++++ MATERIALS PROVIDED ++++
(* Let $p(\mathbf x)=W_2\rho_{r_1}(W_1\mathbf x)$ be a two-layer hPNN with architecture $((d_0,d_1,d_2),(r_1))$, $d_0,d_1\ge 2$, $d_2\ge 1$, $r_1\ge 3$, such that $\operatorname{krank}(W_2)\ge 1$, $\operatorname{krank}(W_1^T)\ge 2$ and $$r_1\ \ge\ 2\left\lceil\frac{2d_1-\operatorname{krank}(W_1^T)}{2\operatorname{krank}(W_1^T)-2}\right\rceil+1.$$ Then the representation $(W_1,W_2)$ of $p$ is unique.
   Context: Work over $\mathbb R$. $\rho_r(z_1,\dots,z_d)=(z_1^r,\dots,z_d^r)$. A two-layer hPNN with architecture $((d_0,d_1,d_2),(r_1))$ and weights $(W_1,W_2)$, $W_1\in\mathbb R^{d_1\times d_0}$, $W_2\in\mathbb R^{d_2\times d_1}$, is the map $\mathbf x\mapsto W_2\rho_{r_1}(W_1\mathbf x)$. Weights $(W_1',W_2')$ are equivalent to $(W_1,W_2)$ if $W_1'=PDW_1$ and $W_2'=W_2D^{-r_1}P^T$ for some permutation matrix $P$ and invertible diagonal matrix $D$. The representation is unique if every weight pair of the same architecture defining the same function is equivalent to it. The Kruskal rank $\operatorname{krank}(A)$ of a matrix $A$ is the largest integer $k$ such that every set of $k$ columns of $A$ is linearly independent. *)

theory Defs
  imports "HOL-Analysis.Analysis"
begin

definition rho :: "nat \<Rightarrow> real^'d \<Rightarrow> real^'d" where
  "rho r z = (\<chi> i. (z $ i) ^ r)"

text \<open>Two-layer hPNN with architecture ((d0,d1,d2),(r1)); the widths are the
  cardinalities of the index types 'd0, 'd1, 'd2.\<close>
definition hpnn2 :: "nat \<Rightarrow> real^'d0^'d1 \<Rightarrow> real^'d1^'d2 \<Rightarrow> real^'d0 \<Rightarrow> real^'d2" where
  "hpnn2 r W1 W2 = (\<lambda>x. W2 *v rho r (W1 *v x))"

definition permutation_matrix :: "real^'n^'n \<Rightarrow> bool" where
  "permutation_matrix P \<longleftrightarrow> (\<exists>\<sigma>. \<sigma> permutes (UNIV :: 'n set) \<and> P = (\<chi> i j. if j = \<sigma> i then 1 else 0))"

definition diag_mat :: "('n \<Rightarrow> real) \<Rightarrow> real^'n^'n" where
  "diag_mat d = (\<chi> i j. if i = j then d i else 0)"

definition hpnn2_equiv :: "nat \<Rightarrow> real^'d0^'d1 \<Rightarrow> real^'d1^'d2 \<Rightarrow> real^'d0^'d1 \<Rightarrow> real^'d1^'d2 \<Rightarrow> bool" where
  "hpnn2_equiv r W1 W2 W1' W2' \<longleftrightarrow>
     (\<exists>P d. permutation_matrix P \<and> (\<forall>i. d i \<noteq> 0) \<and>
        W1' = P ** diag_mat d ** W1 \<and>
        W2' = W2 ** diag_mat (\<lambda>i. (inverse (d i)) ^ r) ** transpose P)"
++++
PROMPT – Write out, from the lines above, only those from the line with "P \<longleftrightarrow> (\<exists>\<sigma>." to the line with "d = (\<chi> i", exactly as given, including the first and the last.

TASK SOLUTION –
  "permutation_matrix P \<longleftrightarrow> (\<exists>\<sigma>. \<sigma> permutes (UNIV :: 'n set) \<and> P = (\<chi> i j. if j = \<sigma> i then 1 else 0))"

definition diag_mat :: "('n \<Rightarrow> real) \<Rightarrow> real^'n^'n" where
  "diag_mat d = (\<chi> i j. if i = j then d i else 0)"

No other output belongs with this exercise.